Data to examine
text \<open>A multiplicative norm on \<open>\<complex>\<close> is bounded on the unit circle, so its powers there
  cannot grow: it is at most \<open>1\<close>.\<close>
lemma norm_complex_embedding_unit_le:
  assumes z: "cmod z = 1"
  shows "norm (complex_embedding j z) \<le> 1"
proof (rule ccontr)
  assume "\<not> ?thesis"
  then obtain k where k: "2 < norm (complex_embedding j z) ^ k" using real_arch_pow by fastforce
  have "norm (complex_embedding j z) ^ k = norm (complex_embedding j (z ^ k))"
    by (simp add: complex_embedding_power norm_power)
  also have "\<dots> \<le> \<bar>Re (z ^ k)\<bar> + \<bar>Im (z ^ k)\<bar>" by (rule norm_complex_embedding_le)
  also have "\<dots> \<le> 2" using abs_Re_le_cmod[of "z ^ k"] abs_Im_le_cmod[of "z ^ k"] z
    by (simp add: norm_power)
  finally show False using k by simp
qed

lemma norm_complex_embedding: "norm (complex_embedding j z) = cmod z"
proof (cases "z = 0")
  case False
  define u where "u = z / of_real (cmod z)"
  have u: "cmod u = 1" "cmod (cnj u) = 1" using False unfolding u_def by (simp_all add: norm_divide)
  have "u * cnj u = 1" using complex_norm_square[of u] u(1) by simp
  then have "complex_embedding j u * complex_embedding j (cnj u) = 1"
    unfolding complex_embedding_mult[symmetric] by simp
  then have "norm (complex_embedding j u) * norm (complex_embedding j (cnj u)) = 1"
    by (metis norm_mult norm_one)
  moreover have "norm (complex_embedding j u) * norm (complex_embedding j (cnj u))
      \<le> norm (complex_embedding j u)"
    by (rule mult_right_le_one_le) (simp_all add: norm_complex_embedding_unit_le[OF u(2)])
  ultimately have nu: "norm (complex_embedding j u) = 1"
    using norm_complex_embedding_unit_le[OF u(1)] by simp
  have "z = of_real (cmod z) * u" unfolding u_def using False by simp
  then have "complex_embedding j z = of_real (cmod z) * complex_embedding j u"
    by (metis complex_embedding_mult complex_embedding_of_real)
  then show ?thesis using nu by (simp add: norm_mult)
qed (simp add: complex_embedding_def)

end

definition complex_coord :: "'k::real_normed_field \<Rightarrow> 'k \<Rightarrow> complex" where
  "complex_coord j = inv (complex_embedding j)"

context
  fixes j :: "'k::real_normed_field"
  assumes j: "j * j = -1" and onto: "\<And>a. \<exists>z. a = complex_embedding j z"
begin

lemma complex_embedding_coord: "complex_embedding j (complex_coord j a) = a"
  unfolding complex_coord_def by (metis onto f_inv_into_f rangeI)

lemma complex_coord_eqI: "complex_embedding j z = a \<Longrightarrow> complex_coord j a = z"
  using complex_embedding_coord[of a] complex_embedding_inj[OF j] by metis

lemma complex_coord_add: "complex_coord j (a + b) = complex_coord j a + complex_coord j b"
  by (rule complex_coord_eqI) (simp add: complex_embedding_add[OF j] complex_embedding_coord)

What is needed
Pull from the data each line where the string "then" turns up.

Solution for this problem
  then obtain k where k: "2 < norm (complex_embedding j z) ^ k" using real_arch_pow by fastforce
  then have "complex_embedding j u * complex_embedding j (cnj u) = 1"
  then have "norm (complex_embedding j u) * norm (complex_embedding j (cnj u)) = 1"
  then have "complex_embedding j z = of_real (cmod z) * complex_embedding j u"
  then show ?thesis using nu by (simp add: norm_mult)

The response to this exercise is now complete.